== What is needed ==
Copy the listing below line for line, starting at its first line and ending with the line that has "proof (rule summable_comparison_test[OF" in it. Add nothing.

(Records provided)

lemma abs_mat_pow_le:
  assumes "finite S" "x \<in> S"
  shows "\<bar>mat_pow S Q k x y\<bar> \<le> (\<Sum>a\<in>S. \<Sum>b\<in>S. \<bar>Q a b\<bar>) ^ k"
  using assms(2)
proof (induction k arbitrary: x)
  case (Suc k)
  let ?M = "\<Sum>a\<in>S. \<Sum>b\<in>S. \<bar>Q a b\<bar>"
  have "\<bar>mat_pow S Q (Suc k) x y\<bar> \<le> (\<Sum>z\<in>S. \<bar>Q x z\<bar> * \<bar>mat_pow S Q k z y\<bar>)"
    by (simp add: abs_mult[symmetric] sum_abs)
  also have "\<dots> \<le> (\<Sum>z\<in>S. \<bar>Q x z\<bar>) * ?M ^ k"
    by (auto simp: sum_distrib_right intro!: sum_mono mult_left_mono Suc.IH)
  also have "\<dots> \<le> ?M * ?M ^ k"
    using member_le_sum[of x S "\<lambda>a. \<Sum>b\<in>S. \<bar>Q a b\<bar>"] Suc.prems assms(1)
    by (intro mult_right_mono) (simp_all add: sum_nonneg)
  finally show ?case by simp
qed simp

lemma summable_norm_mat_exp_series:
  assumes "finite S" "x \<in> S"
  shows "summable (\<lambda>k. norm (s ^ k / fact k * mat_pow S Q k x y))"
proof (rule summable_comparison_test[OF _ summable_exp], intro exI allI impI)
  let ?M = "\<Sum>a\<in>S. \<Sum>b\<in>S. \<bar>Q a b\<bar>"
  fix k
  have "norm (norm (s ^ k / fact k * mat_pow S Q k x y)) = \<bar>s\<bar> ^ k / fact k * \<bar>mat_pow S Q k x y\<bar>"
    by (simp add: abs_mult power_abs)
  also have "\<dots> \<le> \<bar>s\<bar> ^ k / fact k * ?M ^ k"
    by (rule mult_left_mono[OF abs_mat_pow_le[OF assms]]) simp
  also have "\<dots> = inverse (fact k) * (\<bar>s\<bar> * ?M) ^ k"
    by (simp add: power_mult_distrib divide_inverse)
  finally show "norm (norm (s ^ k / fact k * mat_pow S Q k x y)) \<le> inverse (fact k) * (\<bar>s\<bar> * ?M) ^ k" .
qed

(End Records provided)

== Reply ==
lemma abs_mat_pow_le:
  assumes "finite S" "x \<in> S"
  shows "\<bar>mat_pow S Q k x y\<bar> \<le> (\<Sum>a\<in>S. \<Sum>b\<in>S. \<bar>Q a b\<bar>) ^ k"
  using assms(2)
proof (induction k arbitrary: x)
  case (Suc k)
  let ?M = "\<Sum>a\<in>S. \<Sum>b\<in>S. \<bar>Q a b\<bar>"
  have "\<bar>mat_pow S Q (Suc k) x y\<bar> \<le> (\<Sum>z\<in>S. \<bar>Q x z\<bar> * \<bar>mat_pow S Q k z y\<bar>)"
    by (simp add: abs_mult[symmetric] sum_abs)
  also have "\<dots> \<le> (\<Sum>z\<in>S. \<bar>Q x z\<bar>) * ?M ^ k"
    by (auto simp: sum_distrib_right intro!: sum_mono mult_left_mono Suc.IH)
  also have "\<dots> \<le> ?M * ?M ^ k"
    using member_le_sum[of x S "\<lambda>a. \<Sum>b\<in>S. \<bar>Q a b\<bar>"] Suc.prems assms(1)
    by (intro mult_right_mono) (simp_all add: sum_nonneg)
  finally show ?case by simp
qed simp

lemma summable_norm_mat_exp_series:
  assumes "finite S" "x \<in> S"
  shows "summable (\<lambda>k. norm (s ^ k / fact k * mat_pow S Q k x y))"
proof (rule summable_comparison_test[OF _ summable_exp], intro exI allI impI)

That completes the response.